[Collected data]
------------------------------------------------------------

(* Let the random permutation $\sigma$ be uniformly distributed on the symmetric group $S_N$, and let $l\ge 1$ be an integer. Then $$\mathrm{Ex}\big[C_\sigma^{\underline{l}}\big] = (-1)^l\, Z_l\big(-\zeta_N(1), -\zeta_N(2), \ldots, -\zeta_N(l)\big),$$ where $$Z_l(g_1,\ldots,g_l) = \sum_{\substack{n_1\ge0,\ldots,n_l\ge 0\\ n_1+2n_2+\cdots+ln_l=l}} \frac{l!\, g_1^{n_1}g_2^{n_2}\cdots g_l^{n_l}}{n_1!\,1^{n_1}\, n_2!\,2^{n_2}\cdots n_l!\,l^{n_l}}$$ and $\zeta_N(m)=\sum_{1\le n\le N} n^{-m}$.
   Context: For a permutation $\pi$ of $\{1,\ldots,N\}$, $C_\pi$ denotes the number of cycles of $\pi$; $\mathrm{Ex}$ denotes expectation. For a real number $x$, $x^{\underline{l}}=x(x-1)\cdots(x-l+1)$ denotes the $l$-th falling power. *)

theory Defs
  imports "HOL-Probability.Probability" "HOL-Combinatorics.Orbits"
begin

definition falling_pow :: "real \<Rightarrow> nat \<Rightarrow> real" where
  "falling_pow x l = (\<Prod>i<l. (x - real i))"

text \<open>Number of cycles of a permutation of {1..N} (fixed points count as cycles):
  the number of distinct orbits.\<close>
definition num_cycles :: "nat \<Rightarrow> (nat \<Rightarrow> nat) \<Rightarrow> nat" where
  "num_cycles N \<pi> = card (orbit \<pi> ` {1..N})"

definition zetaN :: "nat \<Rightarrow> nat \<Rightarrow> real" where
  "zetaN N m = (\<Sum>n=1..N. 1 / real n ^ m)"

text \<open>Cycle index polynomial Z_l(g_1,...,g_l); tuples (n_1,...,n_l) are functions on {1..l}
  (each n_i \<le> l is automatic from the constraint).\<close>
definition Zpoly :: "nat \<Rightarrow> (nat \<Rightarrow> real) \<Rightarrow> real" where
  "Zpoly l g = (\<Sum>n \<in> {n \<in> {1..l} \<rightarrow>\<^sub>E {..l}. (\<Sum>i=1..l. i * n i) = l}.
      fact l * (\<Prod>i=1..l. g i ^ n i) / (\<Prod>i=1..l. fact (n i) * real i ^ n i))"

end

theory Submission
  imports Defs "HOL-Computational_Algebra.Formal_Power_Series"
begin

text \<open>
  Inserting the point \<open>N + 1\<close> into a permutation of \<open>{1..N}\<close>, either as a new fixed point or
  right after one of the \<open>N\<close> old points, shows that the sum of \<open>t ^ C\<^sub>\<sigma>\<close> over all
  \<open>\<sigma>\<close> is \<open>t (t + 1) \<cdots> (t + N - 1)\<close>. For \<open>t = 1 + X\<close> the coefficient of \<open>X ^ l\<close> is the sum of
  \<open>C\<^sub>\<sigma> gchoose l\<close>, so the exponential generating function of the falling moments of \<open>C\<^sub>\<sigma>\<close> is
  \<open>\<Prod>n=1..N. 1 + X / n\<close>, whose logarithmic derivative is \<open>\<Sum>i. (-1) ^ i \<zeta>\<^sub>N(i + 1) X ^ i\<close>.
  On the other side, removing one cycle from a cycle type gives the recurrence
  \<open>(l + 1) Z\<^sub>l\<^sub>+\<^sub>1 / (l + 1)! = \<Sum>i\<le>l. g\<^sub>i\<^sub>+\<^sub>1 Z\<^sub>l\<^sub>-\<^sub>i / (l - i)!\<close>, i.e. the exponential generating
  function of \<open>Z\<^sub>l(g)\<close> is \<open>exp (\<Sum>m. g\<^sub>m X ^ m / m)\<close>. So the generating function of
  \<open>(-1) ^ l Z\<^sub>l(-\<zeta>\<^sub>N)\<close> solves the same linear differential equation with the same constant term,
  and the two series coincide.
\<close>

unbundle no vec_syntax
notation fps_nth (infixl \<open>$\<close> 75)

------------------------------------------------------------

* [ASSIGNMENT]: Where does the word "exponential" occur in the records? Return every line that holds it.

* [EXERCISE ANSWER]:
  \<open>C\<^sub>\<sigma> gchoose l\<close>, so the exponential generating function of the falling moments of \<open>C\<^sub>\<sigma>\<close> is
  \<open>(l + 1) Z\<^sub>l\<^sub>+\<^sub>1 / (l + 1)! = \<Sum>i\<le>l. g\<^sub>i\<^sub>+\<^sub>1 Z\<^sub>l\<^sub>-\<^sub>i / (l - i)!\<close>, i.e. the exponential generating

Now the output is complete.